Closed dongdongzhaoUP closed 6 months ago

dongdongzhaoUP commented 7 months ago

Nice work! Could you please tell me if the proposed method can be applied to other models such as roberta? I test it but get a low ASR

keven980716 commented 7 months ago

Hi~Thank you for your question! In our subsequent experiments (https://aclanthology.org/2022.findings-emnlp.47.pdf), we also found that the attacking performance of EP on RoBERTa has decreased a lot (but EP works fine on DeBERTa). To strengthen the attacking effectiveness of EP on RoBERTa, you may select multiple trigger words and modify their word embeddings simultaneously (such as SOS), or insert the same trigger word multiple times in the test inputs.

Hope this can help you~

dongdongzhaoUP commented 7 months ago

Thanks for your reply! Have you found the possibly reason for the decrease in ASR on Roberta?

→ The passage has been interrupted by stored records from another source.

definition Hy :: "real \<Rightarrow> (real \<Rightarrow> real) \<Rightarrow> real \<times> real \<Rightarrow> real" where
  "Hy \<epsilon> \<rho> v = (let y = snd v - of_int (round (snd v)) in if \<bar>y\<bar> \<le> \<epsilon> then - \<rho> y else 0)"

definition Delta :: "real \<Rightarrow> real \<Rightarrow> real" where
  "Delta c d = (if c \<noteq> 0 \<and> d \<noteq> 0 then min \<bar>c\<bar> \<bar>d\<bar> else max \<bar>c\<bar> \<bar>d\<bar>)"

definition qr :: "real \<Rightarrow> real \<Rightarrow> real \<Rightarrow> real \<times> real" where
  "qr \<epsilon> c d = (if c = 0 then (\<epsilon>, \<epsilon>) else (c, Delta c d))"

definition xstrip :: "real \<Rightarrow> real \<Rightarrow> (real \<times> real) set" where
  "xstrip q r = {v. \<exists>m::int. fst v - of_int m \<in> Iqr (-q) r}"

definition ystrip :: "real \<Rightarrow> real \<Rightarrow> (real \<times> real) set" where
  "ystrip q r = {v. \<exists>m::int. snd v - of_int m \<in> Iqr (-q) r}"

(* \<sigma> = flow of X_H at time s on the strip, identity elsewhere *)
definition restr_map :: "(real \<times> real) set \<Rightarrow> (real \<times> real \<Rightarrow> real \<times> real) \<Rightarrow> real \<times> real \<Rightarrow> real \<times> real" where
  "restr_map S f v = (if v \<in> S then f v else v)"

end

theory Submission
  imports Defs
begin

(*
  On the strip S = p(I \<times> R) carrying \<sigma>, the Hamiltonian H depends on x alone, so \<sigma> is the
  vertical shear (x, y) \<mapsto> (x, y + b g(x)) on S and the identity elsewhere.  Points of S stay in the
  band |x| < \<epsilon> where Y = c \<partial>x during the flow, so \<tau> translates S by (c, 0); by the choice of
  the width \<Delta> this translate is S itself with \<tau> = id on S (c = 0) or is disjoint from S.  In the
  first case \<tau> \<sigma>\<inverse> \<tau>\<inverse> = \<sigma>\<inverse>, in the second it is supported in \<tau>(S), away from the support
  of \<sigma>; either way it commutes with \<sigma>.  Similarly \<tau>' acts on S as the vertical translation by
  (0, -d), which commutes with a vertical shear depending on x only.  The statements for \<sigma>' are
  the same with the coordinates exchanged.  The inverses make sense because time-one maps of
  Lipschitz fields are bijective (uniqueness of ODE solutions via Gronwall).
*)

section \<open>Flows of vector fields\<close>

lemma scalar_gronwall_zero:
  fixes h :: "real \<Rightarrow> real"
  assumes deriv: "\<And>s. (h has_real_derivative h' s) (at s)"
    and bound: "\<And>s. \<bar>h' s\<bar> \<le> M * h s"
    and nonneg: "\<And>s. 0 \<le> h s" and zero: "h t0 = 0"
  shows "h t = 0"
proof -
  have weighted_deriv: "((\<lambda>s. exp (k * s) * h s) has_real_derivative exp (k * s) * (h' s + k * h s)) (at s)"
    for k s
    by (rule derivative_eq_intros deriv refl | simp add: algebra_simps)+
  show ?thesis
  proof (cases "t0 \<le> t")
    case True
    have "exp (- M * t) * h t \<le> exp (- M * t0) * h t0"
    proof (rule DERIV_nonpos_imp_nonincreasing[OF True])
      fix s
      have "exp (- M * s) * (h' s + - M * h s) \<le> 0"
        using bound[of s] by (intro mult_nonneg_nonpos) auto
      then show "\<exists>y. DERIV (\<lambda>s. exp (- M * s) * h s) s :> y \<and> y \<le> 0"
        using weighted_deriv by blast
    qed
    then show ?thesis using zero nonneg[of t] by (simp add: mult_le_0_iff)
  next
    case False
    have "exp (M * t) * h t \<le> exp (M * t0) * h t0"
    proof (rule DERIV_nonneg_imp_nondecreasing[of t t0 "\<lambda>s. exp (M * s) * h s"])
      show "t \<le> t0" using False by simp
    next
      fix s
      have "0 \<le> exp (M * s) * (h' s + M * h s)"
        using bound[of s] by simp
      then show "\<exists>y. DERIV (\<lambda>s. exp (M * s) * h s) s :> y \<and> 0 \<le> y"
        using weighted_deriv by blast
    qed
    then show ?thesis using zero nonneg[of t] by (simp add: mult_le_0_iff)
  qed
qed

lemma lipschitz_ode_unique:
  fixes Y :: "'a::real_inner \<Rightarrow> 'a"
  assumes lip: "L-lipschitz_on UNIV Y"
    and x: "\<And>t. (x has_vector_derivative Y (x t)) (at t)"
    and y: "\<And>t. (y has_vector_derivative Y (y t)) (at t)"
    and start: "x t0 = y t0"
  shows "x t = y t"
proof -
  define D where "D s = x s - y s" for s
  define V where "V s = Y (x s) - Y (y s)" for s
  have dD: "(D has_derivative (\<lambda>r. r *\<^sub>R V s)) (at s)" for s
    using has_vector_derivative_diff[OF x y] unfolding D_def V_def has_vector_derivative_def .
  have dh: "((\<lambda>s. D s \<bullet> D s) has_real_derivative 2 * (D s \<bullet> V s)) (at s)" for s
    using has_derivative_inner[OF dD dD] unfolding has_field_derivative_def
    by (rule has_derivative_eq_rhs) (auto simp: fun_eq_iff inner_commute[of "V s"])
  have "\<bar>2 * (D s \<bullet> V s)\<bar> \<le> 2 * L * (D s \<bullet> D s)" for s
  proof -
    have "\<bar>D s \<bullet> V s\<bar> \<le> norm (D s) * norm (V s)"
      by (rule Cauchy_Schwarz_ineq2)
    also have "\<dots> \<le> norm (D s) * (L * norm (D s))"
      using lipschitz_onD[OF lip, of "x s" "y s"]
      by (intro mult_left_mono) (simp_all add: dist_norm D_def V_def)
    also have "\<dots> = L * (D s \<bullet> D s)"
      by (simp only: dot_square_norm power2_eq_square mult_ac)
    finally show ?thesis by (simp add: abs_mult)
  qed
  then have "D t \<bullet> D t = 0"
    by (rule scalar_gronwall_zero[OF dh, of "2 * L" t0]) (simp_all add: D_def start)
  then show ?thesis by (simp add: D_def)
qed
lemma ipoly_0 [simp]: "ipoly 0 z = 0"
  and ipoly_pCons [simp]: "ipoly (pCons a f) z = of_int a + z * ipoly f z"
  and ipoly_1 [simp]: "ipoly 1 z = 1"
  and ipoly_const [simp]: "ipoly [:c:] z = of_int c"
  and ipoly_monom [simp]: "ipoly (monom c k) z = of_int c * z ^ k"
  and ipoly_add [simp]: "ipoly (f + g) z = ipoly f z + ipoly g z"
  and ipoly_diff [simp]: "ipoly (f - g) z = ipoly f z - ipoly g z"
  and ipoly_mult [simp]: "ipoly (f * g) z = ipoly f z * ipoly g z"
  and ipoly_smult [simp]: "ipoly (smult a f) z = of_int a * ipoly f z"
  by (simp_all add: ipoly_def map_poly_of_int_add map_poly_of_int_diff map_poly_of_int_mult
      map_poly_of_int_smult map_poly_monom poly_monom map_poly_pCons)

lemma ipoly_sum: "ipoly (\<Sum>t\<in>A. f t) z = (\<Sum>t\<in>A. ipoly (f t) z)"
  by (induction A rule: infinite_finite_induct) simp_all

lemma ipoly_pcompose: "ipoly (pcompose f g) z = ipoly f (ipoly g z)"
  by (induction f) (simp_all add: pcompose_pCons)

section \<open>Frobenius modulo a prime\<close>

lemma prime_dvd_power_add_diff:
  fixes u v :: "'a :: comm_ring_1"
  assumes "prime l"
  shows "of_nat l dvd (u + v) ^ l - u ^ l - v ^ l"
proof -
  have l: "l > 0" using assms prime_gt_0_nat by blast
  have "(u + v) ^ l = (\<Sum>k\<le>l. of_nat (l choose k) * u ^ k * v ^ (l - k))"
    by (rule binomial_ring)
  also have "{..l} = insert 0 (insert l {1..<l})" using l by auto
  finally have "(u + v) ^ l - u ^ l - v ^ l = (\<Sum>k\<in>{1..<l}. of_nat (l choose k) * u ^ k * v ^ (l - k))"
    using l by (simp add: algebra_simps)
  also have "of_nat l dvd \<dots>"
  proof (rule dvd_sum)
    fix k assume "k \<in> {1..<l}"
    then have "l dvd l choose k" using assms by (intro dvd_choose_prime) auto
    then show "of_nat l dvd of_nat (l choose k) * u ^ k * v ^ (l - k)"
      by (elim dvdE) (simp add: mult.assoc)
  qed
  finally show ?thesis .
qed

lemma dvd_power_diff_power:
  fixes a b :: "'a :: comm_ring_1"
  shows "a - b dvd a ^ k - b ^ k"
  by (simp add: power_diff_sumr2)

lemma prime_dvd_power_self_diff:
  fixes a :: int
  assumes "prime l"
  shows "int l dvd a ^ l - a"
proof -
  have l: "int l > 0" using assms prime_gt_0_nat by simp
  have nat_case: "int l dvd int b ^ l - int b" for b :: nat
  proof (induction b)
    case 0 then show ?case using l by (simp add: zero_power)
  next
    case (Suc b)
    have "int (Suc b) ^ l - int (Suc b) = ((int b + 1) ^ l - int b ^ l - 1 ^ l) + (int b ^ l - int b)"
      by (simp add: add.commute)
    then show ?case using prime_dvd_power_add_diff[OF assms, of "int b" 1] Suc by (metis dvd_add)
  qed
  define b where "b = nat (a mod int l)"
  have "int l dvd a - int b" using l by (simp add: b_def mod_eq_dvd_iff)
  moreover from this have "int l dvd a ^ l - int b ^ l"
    using dvd_power_diff_power dvd_trans by blast
  ultimately have "int l dvd (a ^ l - int b ^ l) - (a - int b) + (int b ^ l - int b)"
    by (intro dvd_add[OF dvd_diff nat_case])
  then show ?thesis by simp
qed

lemma prime_dvd_pcompose_power_diff:
  fixes h :: "int poly"
  assumes "prime l"
  shows "of_nat l dvd pcompose h (monom 1 l) - h ^ l"
proof (induction h)
  case 0 then show ?case using assms prime_gt_0_nat by (simp add: zero_power)
next
  case (pCons a h)
  let ?X = "monom (1::int) 1"
  have h: "pCons a h = [:a:] + ?X * h"
    by (simp add: poly_eq_iff coeff_pCons coeff_monom_mult split: nat.splits)
  have e1: "pcompose (pCons a h) (monom 1 l) = [:a:] + monom 1 l * pcompose h (monom 1 l)"
    by (simp add: pcompose_pCons)
  have e2: "(pCons a h) ^ l = ([:a:] + ?X * h) ^ l" by (simp only: h)
  have e3: "(?X * h) ^ l = monom 1 l * h ^ l" by (simp add: power_mult_distrib monom_power)
  have decomp: "pcompose (pCons a h) (monom 1 l) - (pCons a h) ^ l =
      monom 1 l * (pcompose h (monom 1 l) - h ^ l)
      - (([:a:] + ?X * h) ^ l - [:a:] ^ l - (?X * h) ^ l) - ([:a:] ^ l - [:a:])"
    unfolding e1 e2 e3 by (simp add: algebra_simps)
  have "of_nat l dvd [:a:] ^ l - [:a:]"
    using prime_dvd_power_self_diff[OF assms, of a]
    by (simp add: of_nat_poly poly_const_pow)
  then show ?case unfolding decomp
    by (intro dvd_diff[OF dvd_diff] dvd_mult pCons.IH prime_dvd_power_add_diff[OF assms])
qed
(* Let $m\ge1$, $q=2^m$, $n=3$, and let $L(x)=ax+bx^q+cx^{q^2}$ with $a,b,c\in\mathbb F_{q^3}$ and $L(1)=0$. Then \[|\ker\mathrm{Tr}\cap\ker L^\prime|=\begin{cases}1&\text{if }\mathrm{Tr}(a^{q+1}+a^qb+b^{q+1})\ne0,\\ q^2&\text{if }a+b^{q^2}=a+c^q=0,\\ q&\text{otherwise}.\end{cases}\]
   Context: $\mathrm{Tr}(x)=x+x^q+x^{q^2}$ is the trace map of $\mathbb F_{q^3}$ over $\mathbb F_q$. For a $2$-linear polynomial $L(x)=\sum_j a_jx^{2^j}$ over $\mathbb F_{q^3}$, its adjoint is $L^\prime(x)=\sum_j(a_jx)^{2^{-j}}$, where $y\mapsto y^{2^{-j}}$ is the inverse of $y\mapsto y^{2^j}$ on $\mathbb F_{q^3}$; here $L'(x)=ax+(bx)^{q^2}+(cx)^{q}$. $\ker$ denotes the kernel of an additive map on $\mathbb F_{q^3}$. *)

theory Defs
  imports Main
begin

text \<open>The field F_{q^3} is modelled as a finite field type 'a with CARD('a) = q^3.
  Trace map of F_{q^3} over F_q.\<close>
definition Tr :: "nat \<Rightarrow> 'a::field \<Rightarrow> 'a" where
  "Tr q x = x + x ^ q + x ^ (q ^ 2)"

definition Ladj :: "nat \<Rightarrow> 'a::field \<Rightarrow> 'a \<Rightarrow> 'a \<Rightarrow> 'a \<Rightarrow> 'a" where
  "Ladj q a b c x = a * x + (b * x) ^ (q ^ 2) + (c * x) ^ q"

definition L :: "nat \<Rightarrow> 'a::field \<Rightarrow> 'a \<Rightarrow> 'a \<Rightarrow> 'a \<Rightarrow> 'a" where
  "L q a b c x = a * x + b * x ^ q + c * x ^ (q ^ 2)"

end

keven980716 commented 7 months ago

We analyzed the root cause to be the tokenizer used in RoBERTa. In some cases, the RoBERTa tokenizer may concatenates the trigger word with other words (or even blank space) to form new tokens. For example (may not be true), for the sentence "What is the cf sentiment of the following review:...", the subword produced by the tokenizer may be " cf" rather than "cf".

You may double-check this. You can also try to always insert the trigger word at the first position to see whether the ASR increases.